2021-02-03 Thread Pavel Tikhomirov

On 2/3/21 10:32 PM, Cyrill Gorcunov wrote:

On Wed, Feb 03, 2021 at 03:41:56PM +0300, Pavel Tikhomirov wrote:

Currently there is no way to differentiate the file with alive owner
from the file with dead owner but pid of the owner reused. That's why
CRIU can't actually know if it needs to restore file owner or not,
because if it restores owner but actual owner was dead, this can
introduce unexpected signals to the "false"-owner (which reused the
pid).


Hi! Thanks for the patch. You know I manage to forget the fowner internals.
Could you please enlighten me -- when owner is set with some pid we do

f_setown_ex
   __f_setown
 f_modown
   filp->f_owner.pid = get_pid(pid);

Thus pid get refcount incremented.


Hi, and yes you are right about refcount is held.
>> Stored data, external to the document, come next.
lemma inst_rel_ren_left:
  "inst_rel f y A t s \<Longrightarrow> (\<And>i. g (p i) = f i) \<Longrightarrow> inst_rel g y A (ren p t) s"
proof (induction arbitrary: g p rule: inst_rel.induct)
  case (var f y A i) then show ?case using inst_rel.var[of g y A "p i"] by simp
next
  case (lam f y A t s)
  have "ren_under g (ren_under p i) = ren_under f i" for i
    using lam.prems by (simp add: ren_under_def split: nat.split)
  then show ?case using lam.IH by (auto intro!: inst_rel.lam)
next
  case (nlam a A y f t s)
  have "scons y g (ren_under p i) = scons y f i" for i
    using nlam.prems by (simp add: ren_under_def scons_def split: nat.split)
  then show ?case using nlam by (auto intro!: inst_rel.nlam)
qed (auto intro: inst_rel.intros)

lemma inst_rel_liftL:
  assumes "inst_rel f y A u v"
  shows "inst_rel (ren_under f) (Suc y) A (liftL 0 u) (liftL 0 v)"
proof -
  have "inst_rel (Suc \<circ> f) (Suc y) A u (ren Suc v)"
    using inst_rel_ren_right[OF assms, of Suc] by simp
  then have "inst_rel (ren_under f) (Suc y) A (ren Suc u) (ren Suc v)"
    by (rule inst_rel_ren_left) (simp add: ren_under_def)
  then show ?thesis by (simp add: liftL_eq_ren)
qed

lemma inst_rel_liftL_left: "inst_rel f y A u v \<Longrightarrow> inst_rel (scons z f) y A (liftL 0 u) v"
  unfolding liftL_eq_ren by (erule inst_rel_ren_left) (simp add: scons_def)

lemma inst_rel_liftM:
  "inst_rel f y A u v \<Longrightarrow> \<forall>a\<in>A. (if a < k then a else Suc a) \<in> B \<Longrightarrow>
   inst_rel f y B (liftM k u) (liftM k v)"
proof (induction arbitrary: k B rule: inst_rel.induct)
  case (mu f y A t s)
  have "\<forall>a\<in>Suc ` A. (if a < Suc k then a else Suc a) \<in> Suc ` B"
    using mu.prems by auto
  then show ?case using mu.IH by (auto intro!: inst_rel.mu)
next
  case (nap a A f y t s) then show ?case by (auto intro!: inst_rel.nap)
next
  case (nlam a A y f t s) then show ?case by (auto intro!: inst_rel.nlam)
next
  case (nmu a A f y t s)
  have "\<forall>c\<in>insert 0 (Suc ` A). (if c < Suc k then c else Suc c) \<in> insert 0 (Suc ` B)"
    using nmu.prems by auto
  then show ?case using nmu by (auto intro!: inst_rel.nmu)
qed (auto intro: inst_rel.intros)

lemma inst_rel_liftM0: "inst_rel f y A u v \<Longrightarrow> inst_rel f y (Suc ` A) (liftM 0 u) (liftM 0 v)"
  by (erule inst_rel_liftM) auto

subsection \<open>Stability under substitution\<close>

lemma inst_rel_substL:
  "inst_rel g z A M N \<Longrightarrow> inst_rel f (unlift k' z) A u v \<Longrightarrow>
   subst_compat g k f k' \<Longrightarrow> z \<noteq> k' \<Longrightarrow>
   inst_rel f (unlift k' z) A (substL M k u) (substL N k' v)"
proof (induction arbitrary: f k k' u v rule: inst_rel.induct)
  case (var g z A i)
  show ?case
  proof (cases "i = k")
    case False
    with var.prems(2) have gi: "g i \<noteq> k'" and f: "f (unlift k i) = unlift k' (g i)"
      by (auto simp: subst_compat_def)
    have "substL (LVar i) k u = LVar (unlift k i)" "substL (LVar (g i)) k' v = LVar (unlift k' (g i))"
      using False gi by (simp_all add: unlift_def)
    then show ?thesis using inst_rel.var[of f "unlift k' z" A "unlift k i"] f by simp
  qed (use var.prems in \<open>simp add: subst_compat_def\<close>)
next
  case (lam g z A t s)
  have z: "unlift (Suc k') (Suc z) = Suc (unlift k' z)"
    using lam.prems(3) by (auto simp: unlift_def)
  have "inst_rel (ren_under f) (unlift (Suc k') (Suc z)) A
      (substL t (Suc k) (liftL 0 u)) (substL s (Suc k') (liftL 0 v))"
    using lam.IH[OF _ subst_compat_ren_under[OF lam.prems(2)]] lam.prems(3)
      inst_rel_liftL[OF lam.prems(1)] by (simp add: z)
  then show ?case unfolding z substL.simps by (rule inst_rel.lam)
next
  case (mu g z A t s)
  then show ?case by (simp add: inst_rel.mu inst_rel_liftM0)
next
  case (nap a A g z t s)
  have "substL (LVar z) k' v = LVar (unlift k' z)" using nap.prems(3) by (simp add: unlift_def)
  with nap show ?case by (simp add: inst_rel.nap)
next
  case (nlam a A z g t s)
  have "inst_rel (scons (unlift k' z) f) (unlift k' z) A (substL t (Suc k) (liftL 0 u)) (substL s k' v)"
    using nlam.IH[OF inst_rel_liftL_left[OF nlam.prems(1)] subst_compat_scons[OF nlam.prems(2-3)]]
      nlam.prems(3) .
  then show ?case by (simp add: inst_rel.nlam[OF nlam.hyps(1)])
next
  case (nmu a A g z t s)
  have "inst_rel f (unlift k' z) (insert 0 (Suc ` A)) (liftM 0 u) (liftM 0 v)"
    using inst_rel_liftM0[OF nmu.prems(1)] by (rule inst_rel_mono) auto
  from nmu.IH[OF this nmu.prems(2-3)] show ?case using nmu.hyps by (simp add: inst_rel.nmu)
qed (auto intro: inst_rel.intros)

lemma inst_rel_substL0:
  assumes "inst_rel (ren_under f) (Suc y) A M N" and "inst_rel f y A u v"
  shows "inst_rel f y A (substL M 0 u) (substL N 0 v)"
proof -
  have "subst_compat (ren_under f) 0 f 0"
    by (auto simp: subst_compat_def ren_under_def unlift_def split: nat.split)
  with assms show ?thesis
    using inst_rel_substL[of "ren_under f" "Suc y" A M N f 0 u v 0] by (simp add: unlift_def)
qed

lemma inst_rel_substL_LVar:
  assumes "inst_rel (ren_under f) (Suc y) A M N"
  shows "inst_rel (scons y f) y A M (substL N 0 (LVar y))"
proof -
  let ?h = "\<lambda>i. if i < 0 then i else if i = 0 then y else i - 1"
  have "?h \<circ> ren_under f = scons y f"
    by (auto simp: ren_under_def scons_def fun_eq_iff split: nat.split)
  then show ?thesis
    using inst_rel_ren_right[OF assms, of ?h] by (simp add: substL_LVar_eq_ren)
qed

lemma inst_rel_substM:
  "inst_rel f y A M N \<Longrightarrow> inst_rel f y A u v \<Longrightarrow> k \<notin> A \<Longrightarrow>
   inst_rel f y A (substM M k u) (substM N k v)"
proof (induction arbitrary: k u v rule: inst_rel.induct)
  case (lam f y A t s)
  then show ?case by (auto intro!: inst_rel.lam inst_rel_liftL)
next
  case (mu f y A t s)
  have "Suc k \<notin> Suc ` A" using mu.prems(2) by auto
  with mu show ?case by (auto intro!: inst_rel.mu inst_rel_liftM0)
next
  case (named f y A t s a)
  then show ?case by (auto intro!: inst_rel.named inst_rel.app)
next
  case (nap a A f y t s)
  then show ?case by (auto intro!: inst_rel.nap)
next
  case (nlam a A y f t s)
  then show ?case by (auto intro!: inst_rel.nlam inst_rel_liftL_left)
next
  case (nmu a A f y t s)
  have "inst_rel f y (insert 0 (Suc ` A)) (liftM 0 u) (liftM 0 v)"
    using inst_rel_liftM0[OF nmu.prems(1)] by (rule inst_rel_mono) auto
  with nmu show ?case by (auto intro!: inst_rel.nmu)
qed (auto intro: inst_rel.intros)

lemma inst_rel_substM0:
  assumes "inst_rel f y (Suc ` A) M N" and "inst_rel f y A u v"
  shows "inst_rel f y (Suc ` A) (substM M 0 (liftM 0 u)) (substM N 0 (liftM 0 v))"
  using assms(1) inst_rel_liftM0[OF assms(2)] by (rule inst_rel_substM) auto
lemma scaled_norm_square_in_trig_poly:
  fixes a :: "('d::finite \<Rightarrow> int) \<Rightarrow> complex" and C :: real
  shows "(\<lambda>x. complex_of_real (C * (norm (\<Sum>k\<in>freqs N. a k * torus_char k x))^2)) \<in> trig_poly (\<lambda>j. 2 * N j)"
proof -
  define F where "F = freqs N"
  define F2 where "F2 = freqs (\<lambda>j. 2 * N j)"
  define c where "c n = complex_of_real C *
    (\<Sum>k\<in>F. \<Sum>l\<in>F. if (\<lambda>j. k j - l j) = n then a k * cnj (a l) else 0)" for n
  have "complex_of_real (C * (norm (\<Sum>k\<in>F. a k * torus_char k x))^2) = (\<Sum>n\<in>F2. c n * torus_char n x)" for x
  proof -
    let ?T = "\<lambda>k l n. if (\<lambda>j. k j - l j) = n then complex_of_real C * (a k * cnj (a l) * torus_char n x) else 0"
    have "(\<Sum>n\<in>F2. c n * torus_char n x) = (\<Sum>n\<in>F2. \<Sum>k\<in>F. \<Sum>l\<in>F. ?T k l n)"
      unfolding c_def sum_distrib_left sum_distrib_right by (intro sum.cong refl) simp
    also have "\<dots> = (\<Sum>k\<in>F. \<Sum>l\<in>F. \<Sum>n\<in>F2. ?T k l n)"
      by (subst sum.swap) (rule sum.cong[OF refl], rule sum.swap)
    also have "\<dots> = (\<Sum>k\<in>F. \<Sum>l\<in>F. complex_of_real C * (a k * cnj (a l) * torus_char (\<lambda>j. k j - l j) x))"
    proof (intro sum.cong refl)
      fix k l assume "k \<in> F" "l \<in> F"
      then have "(\<lambda>j. k j - l j) \<in> F2" by (simp add: F_def F2_def diff_mem_freqs_double)
      then show "(\<Sum>n\<in>F2. ?T k l n) = complex_of_real C * (a k * cnj (a l) * torus_char (\<lambda>j. k j - l j) x)"
        by (simp add: F2_def)
    qed
    also have "\<dots> = complex_of_real C * (\<Sum>k\<in>F. \<Sum>l\<in>F. a k * cnj (a l) * torus_char (\<lambda>j. k j - l j) x)"
      by (simp add: sum_distrib_left)
    also have "\<dots> = complex_of_real C * complex_of_real ((norm (\<Sum>k\<in>F. a k * torus_char k x))^2)"
      by (simp only: cmod_sum_torus_char_squared)
    finally show ?thesis by simp
  qed
  then show ?thesis
    unfolding trig_poly_def F_def F2_def torus_char_def by (intro CollectI exI[of _ c]) (simp add: fun_eq_iff)
qed
(* Let $S$ be a semiring. If $\mathcal{A}=(A,X,Y,a_0,\delta,\omega)$ is a crisp-deterministic Mealy-type weighted automaton over $S$, then $[\![\mathcal{A}]\!]_{cd}=[\![\mathcal{A}]\!]_{1n}=[\![\mathcal{A}]\!]_{n1}=[\![\mathcal{A}]\!]_s$. If $\mathcal{A}=(A,X,Y,a_0,\delta,\omega)$ is a crisp-deterministic Moore-type weighted automaton over $S$, then $[\![\mathcal{A}]\!]_{cd}=[\![\mathcal{A}]\!]_{1n}=[\![\mathcal{A}]\!]_{n1}$.
   Context: A semiring $(S,+,\cdot,0,1)$ is a set with $(S,+,0)$ a commutative monoid, $(S,\cdot,1)$ a monoid (not necessarily commutative), $\cdot$ distributing over $+$ on both sides, and $0\cdot s=s\cdot 0=0$. $(X\times Y)^*$ is identified with pairs $(u,v)\in X^*\times Y^*$ with $|u|=|v|$; empty element $(\varepsilon,\varepsilon)$. $A,X,Y$ are finite nonempty sets. A crisp-deterministic Mealy-type (resp. Moore-type) weighted automaton is $\mathcal{A}=(A,X,Y,a_0,\delta,\omega)$ with $a_0\in A$, a transition function $\delta:A\times X\to A$, and $\omega:A\times X\times Y\to S$ (resp. $\omega:A\times Y\to S$). Write $\delta_x(a)=\delta(a,x)$, $\delta_\varepsilon(a)=a$, $\delta_{wx}(a)=\delta_x(\delta_w(a))$, and $\omega_{x,y}(a)=\omega(a,x,y)$ (resp. $\omega_y(a)=\omega(a,y)$). It is regarded as a general weighted automaton with initial weight vector $\sigma(a_0)=1$, $\sigma(a)=0$ for $a\ne a_0$, and weighted transitions $\hat\delta_x(a,b)=1$ if $b=\delta(a,x)$ and $0$ otherwise; for $w=z_1\cdots z_m\in X^+$ put $\hat\delta_w=\hat\delta_{z_1}\cdots\hat\delta_{z_m}$ (matrix product over $S$). cd-behavior: $[\![\mathcal{A}]\!]_{cd}(\varepsilon,\varepsilon)=1$ and for $u=x_1\cdots x_n$, $v=y_1\cdots y_n$, $n\ge1$: in the Mealy case $[\![\mathcal{A}]\!]_{cd}(u,v)=\omega_{x_1,y_1}(a_0)\cdot\omega_{x_2,y_2}(\delta_{x_1}(a_0))\cdots\omega_{x_n,y_n}(\delta_{x_1\cdots x_{n-1}}(a_0))$; in the Moore case $[\![\mathcal{A}]\!]_{cd}(u,v)=\omega_{y_1}(\delta_{x_1}(a_0))\cdot\omega_{y_2}(\delta_{x_1x_2}(a_0))\cdots\omega_{y_n}(\delta_{x_1\cdots x_n}(a_0))$. All of the following behaviors take value $\sum_{a\in A}\sigma(a)$ at $(\varepsilon,\varepsilon)$; for $u=x_1\cdots x_n$, $v=y_1\cdots y_n$, $n\ge1$: Mealy $1n$: $\sum_{(a_0',\dots,a_{n-1}')\in A^n}\sigma(a_0')\omega_{x_1,y_1}(a_0')\hat\delta_{x_1}(a_0',a_1')\omega_{x_2,y_2}(a_1')\cdots\hat\delta_{x_{n-1}}(a_{n-2}',a_{n-1}')\omega_{x_n,y_n}(a_{n-1}')$. Mealy $n1$: $\sum_{(a_0',\dots,a_{n-1}')\in A^n}\sigma(a_0')\omega_{x_1,y_1}(a_0')\hat\delta_{x_1}(a_0',a_1')\omega_{x_2,y_2}(a_1')\hat\delta_{x_1x_2}(a_0',a_2')\omega_{x_3,y_3}(a_2')\cdots\hat\delta_{x_1\cdots x_{n-1}}(a_0',a_{n-1}')\omega_{x_n,y_n}(a_{n-1}')$. Mealy sequential $s$: $\sum_{(a_0',\dots,a_n')\in A^{n+1}}\sigma(a_0')\omega_{x_1,y_1}(a_0')\hat\delta_{x_1}(a_0',a_1')\cdots\omega_{x_n,y_n}(a_{n-1}')\hat\delta_{x_n}(a_{n-1}',a_n')$. Moore $1n$: $\sum_{(a_0',\dots,a_n')\in A^{n+1}}\sigma(a_0')\hat\delta_{x_1}(a_0',a_1')\omega_{y_1}(a_1')\cdots\hat\delta_{x_n}(a_{n-1}',a_n')\omega_{y_n}(a_n')$. Moore $n1$: $\sum_{(a_0',\dots,a_n')\in A^{n+1}}\sigma(a_0')\hat\delta_{x_1}(a_0',a_1')\omega_{y_1}(a_1')\hat\delta_{x_1x_2}(a_0',a_2')\omega_{y_2}(a_2')\cdots\hat\delta_{x_1\cdots x_n}(a_0',a_n')\omega_{y_n}(a_n')$. *)

theory Defs
  imports Main
begin

text \<open>Semiring: commutative additive monoid, multiplicative monoid (not necessarily
commutative), two-sided distributivity, zero annihilating. In Isabelle this is the sort
{semiring_0, monoid_mult} (we avoid semiring_1 since it additionally demands 0 \<noteq> 1). Words in (X \<times> Y)^*
are pairs of lists of equal length; list index i corresponds to position i+1 of the paper.\<close>

definition delta_word :: "('a \<Rightarrow> 'x \<Rightarrow> 'a) \<Rightarrow> 'x list \<Rightarrow> 'a \<Rightarrow> 'a" where
  "delta_word \<delta> w a = fold (\<lambda>x b. \<delta> b x) w a"

definition sigma :: "'a \<Rightarrow> 'a \<Rightarrow> 's::{semiring_0,monoid_mult}" where
  "sigma a0 a = (if a = a0 then 1 else 0)"

definition hat_delta :: "('a \<Rightarrow> 'x \<Rightarrow> 'a) \<Rightarrow> 'x \<Rightarrow> 'a \<Rightarrow> 'a \<Rightarrow> 's::{semiring_0,monoid_mult}" where
  "hat_delta \<delta> x a b = (if b = \<delta> a x then 1 else 0)"

fun hat_delta_word :: "('a::finite \<Rightarrow> 'x \<Rightarrow> 'a) \<Rightarrow> 'x list \<Rightarrow> 'a \<Rightarrow> 'a \<Rightarrow> 's::{semiring_0,monoid_mult}" where
  "hat_delta_word \<delta> [] a b = (if a = b then 1 else 0)"
| "hat_delta_word \<delta> (x # w) a b = (\<Sum>c\<in>UNIV. hat_delta \<delta> x a c * hat_delta_word \<delta> w c b)"

definition mealy_cd :: "'a \<Rightarrow> ('a \<Rightarrow> 'x \<Rightarrow> 'a) \<Rightarrow> ('a \<Rightarrow> 'x \<Rightarrow> 'y \<Rightarrow> 's::{semiring_0,monoid_mult})
    \<Rightarrow> 'x list \<Rightarrow> 'y list \<Rightarrow> 's" where
  "mealy_cd a0 \<delta> \<omega> u v =
    (if length u = 0 then 1
     else prod_list (map (\<lambda>i. \<omega> (delta_word \<delta> (take i u) a0) (u ! i) (v ! i)) [0..<length u]))"

definition mealy_1n :: "'a::finite \<Rightarrow> ('a \<Rightarrow> 'x \<Rightarrow> 'a) \<Rightarrow> ('a \<Rightarrow> 'x \<Rightarrow> 'y \<Rightarrow> 's::{semiring_0,monoid_mult})
    \<Rightarrow> 'x list \<Rightarrow> 'y list \<Rightarrow> 's" where
  "mealy_1n a0 \<delta> \<omega> u v =
    (if length u = 0 then (\<Sum>a\<in>UNIV. sigma a0 a)
     else (\<Sum>as\<in>{as::'a list. length as = length u}.
        sigma a0 (as ! 0) *
        prod_list (map (\<lambda>i. (if i = 0 then 1 else hat_delta \<delta> (u ! (i - 1)) (as ! (i - 1)) (as ! i))
                             * \<omega> (as ! i) (u ! i) (v ! i)) [0..<length u])))"

definition mealy_n1 :: "'a::finite \<Rightarrow> ('a \<Rightarrow> 'x \<Rightarrow> 'a) \<Rightarrow> ('a \<Rightarrow> 'x \<Rightarrow> 'y \<Rightarrow> 's::{semiring_0,monoid_mult})
    \<Rightarrow> 'x list \<Rightarrow> 'y list \<Rightarrow> 's" where
  "mealy_n1 a0 \<delta> \<omega> u v =
    (if length u = 0 then (\<Sum>a\<in>UNIV. sigma a0 a)
     else (\<Sum>as\<in>{as::'a list. length as = length u}.
        sigma a0 (as ! 0) *
        prod_list (map (\<lambda>i. (if i = 0 then 1 else hat_delta_word \<delta> (take i u) (as ! 0) (as ! i))
                             * \<omega> (as ! i) (u ! i) (v ! i)) [0..<length u])))"

definition mealy_s :: "'a::finite \<Rightarrow> ('a \<Rightarrow> 'x \<Rightarrow> 'a) \<Rightarrow> ('a \<Rightarrow> 'x \<Rightarrow> 'y \<Rightarrow> 's::{semiring_0,monoid_mult})
    \<Rightarrow> 'x list \<Rightarrow> 'y list \<Rightarrow> 's" where
  "mealy_s a0 \<delta> \<omega> u v =
    (if length u = 0 then (\<Sum>a\<in>UNIV. sigma a0 a)
     else (\<Sum>as\<in>{as::'a list. length as = length u + 1}.
        sigma a0 (as ! 0) *
        prod_list (map (\<lambda>i. \<omega> (as ! i) (u ! i) (v ! i) * hat_delta \<delta> (u ! i) (as ! i) (as ! (i + 1)))
                       [0..<length u])))"
lemma ex_infinite_snake_subgroup_iff:
  "(\<exists>\<omega> \<zeta>. snake_on K T A B UNIV \<omega> \<zeta>) \<longleftrightarrow> (\<exists>\<omega> \<zeta>. snake_on G U A B UNIV \<omega> \<zeta>)"
proof
  assume "\<exists>\<omega> \<zeta>. snake_on K T A B UNIV \<omega> \<zeta>"
  then obtain \<omega> \<zeta> where snake: "snake_on K T A B UNIV \<omega> \<zeta>" by blast
  then have "\<forall>i\<in>UNIV. \<omega> i \<in> H"
    unfolding snake_on_def by simp
  then show "\<exists>\<omega> \<zeta>. snake_on G U A B UNIV \<omega> \<zeta>"
    using snake snake_on_subgroup_iff by blast
next
  assume "\<exists>\<omega> \<zeta>. snake_on G U A B UNIV \<omega> \<zeta>"
  then obtain \<omega> \<zeta> where snake: "snake_on G U A B UNIV \<omega> \<zeta>" by blast
  then have start: "\<omega> 0 \<in> carrier G"
    unfolding snake_on_def by simp
  define \<omega>' where "\<omega>' = (\<lambda>i. inv\<^bsub>G\<^esub> (\<omega> 0) \<otimes>\<^bsub>G\<^esub> \<omega> i)"
  have snake': "snake_on G U A B UNIV \<omega>' \<zeta>"
    unfolding \<omega>'_def using group.snake_on_translate[OF group snake] group.inv_closed[OF group start] .
  have "\<omega>' 0 \<in> H"
    unfolding \<omega>'_def using group.l_inv[OF group start] subgroup.one_closed[OF subgroup] by simp
  then have "\<forall>i\<in>UNIV. \<omega>' i \<in> H"
    using snake_UNIV_subgroup[OF snake'] by blast
  then show "\<exists>\<omega> \<zeta>. snake_on K T A B UNIV \<omega> \<zeta>"
    using snake' snake_on_subgroup_iff by blast
qed

lemma ex_ouroboros_subgroup_iff:
  "(\<exists>n \<omega> \<zeta>. ouroboros K T A B n \<omega> \<zeta>) \<longleftrightarrow> (\<exists>n \<omega> \<zeta>. ouroboros G U A B n \<omega> \<zeta>)"
proof
  assume "\<exists>n \<omega> \<zeta>. ouroboros K T A B n \<omega> \<zeta>"
  then obtain n \<omega> \<zeta> where ouro: "ouroboros K T A B n \<omega> \<zeta>" by blast
  then have "\<forall>i\<in>{0..n}. \<omega> i \<in> H"
    unfolding ouroboros_def by simp
  then show "\<exists>n \<omega> \<zeta>. ouroboros G U A B n \<omega> \<zeta>"
    using ouro ouroboros_subgroup_iff by blast
next
  assume "\<exists>n \<omega> \<zeta>. ouroboros G U A B n \<omega> \<zeta>"
  then obtain n \<omega> \<zeta> where ouro: "ouroboros G U A B n \<omega> \<zeta>" by blast
  then have start: "\<omega> 0 \<in> carrier G"
    unfolding ouroboros_def by simp
  define \<omega>' where "\<omega>' = (\<lambda>i. inv\<^bsub>G\<^esub> (\<omega> 0) \<otimes>\<^bsub>G\<^esub> \<omega> i)"
  have ouro': "ouroboros G U A B n \<omega>' \<zeta>"
    unfolding \<omega>'_def using group.ouroboros_translate[OF group ouro] group.inv_closed[OF group start] .
  have "\<omega>' 0 \<in> H"
    unfolding \<omega>'_def using group.l_inv[OF group start] subgroup.one_closed[OF subgroup] by simp
  then have "\<forall>i\<in>{0..n}. \<omega>' i \<in> H"
    using snake_interval_subgroup ouro' unfolding ouroboros_def by blast
  then show "\<exists>n \<omega> \<zeta>. ouroboros K T A B n \<omega> \<zeta>"
    using ouro' ouroboros_subgroup_iff by blast
qed

lemma ex_reachability_snake_subgroup_iff:
  assumes "p \<in> H"
  shows "(\<exists>n \<omega> \<zeta>. n \<ge> 0 \<and> snake_on K T A B {0..n} \<omega> \<zeta> \<and> \<omega> 0 = p \<and> \<omega> n = q)
     \<longleftrightarrow> (\<exists>n \<omega> \<zeta>. n \<ge> 0 \<and> snake_on G U A B {0..n} \<omega> \<zeta> \<and> \<omega> 0 = p \<and> \<omega> n = q)"
proof -
  have "snake_on K T A B {0..n} \<omega> \<zeta> \<longleftrightarrow> snake_on G U A B {0..n} \<omega> \<zeta>" if "\<omega> 0 = p" for n \<omega> \<zeta>
  proof
    assume snake: "snake_on K T A B {0..n} \<omega> \<zeta>"
    then have "\<forall>i\<in>{0..n}. \<omega> i \<in> H"
      unfolding snake_on_def by simp
    then show "snake_on G U A B {0..n} \<omega> \<zeta>"
      using snake snake_on_subgroup_iff by blast
  next
    assume snake: "snake_on G U A B {0..n} \<omega> \<zeta>"
    then have "\<forall>i\<in>{0..n}. \<omega> i \<in> H"
      using snake_interval_subgroup assms that unfolding snake_on_def by blast
    then show "snake_on K T A B {0..n} \<omega> \<zeta>"
      using snake snake_on_subgroup_iff by blast
  qed
  then show ?thesis by blast
qed

end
 Then the owner exits but refcounter

should be still up and running and pid should not be reused, no? Or
I miss something obvious?


AFAICS if pid is held only by 1) fowner refcount and by 2) single 
process (without threads, group and session for simplicity), on process 
exit we go through:


do_exit
  exit_notify
release_task
  __exit_signal
__unhash_process
  detach_pid
__change_pid
  free_pid
idr_remove

So pid is removed from idr, and after that alloc_pid can reuse pid 
numbers even if old pid structure is still alive and is still held by 
fowner.


Also I've added criu-zdtm test which reproduces the problem:

https://src.openvz.org/projects/OVZ/repos/criu/commits/e25904c35dbc535f6837e55da58ca0f5a5caf4b3#test/zdtm/static/file_fown_reuse.c

Hope this answers your question, Thanks!



The patch itself looks ok on a first glance.



--
Best regards, Tikhomirov Pavel
Software Developer, Virtuozzo.


Re: [PATCH] fcntl: make F_GETOWN(EX) return 0 on dead owner task

2021-02-03 Thread Cyrill Gorcunov
On Wed, Feb 03, 2021 at 03:41:56PM +0300, Pavel Tikhomirov wrote:
> Currently there is no way to differentiate the file with alive owner
> from the file with dead owner but pid of the owner reused. That's why
> CRIU can't actually know if it needs to restore file owner or not,
> because if it restores owner but actual owner was dead, this can
> introduce unexpected signals to the "false"-owner (which reused the
> pid).

Hi! Thanks for the patch. You know I manage to forget the fowner internals.
Could you please enlighten me -- when owner is set with some pid we do

f_setown_ex
  __f_setown
f_modown
  filp->f_owner.pid = get_pid(pid);

Thus pid get refcount incremented. Then the owner exits but refcounter
should be still up and running and pid should not be reused, no? Or
I miss something obvious?

The patch itself looks ok on a first glance.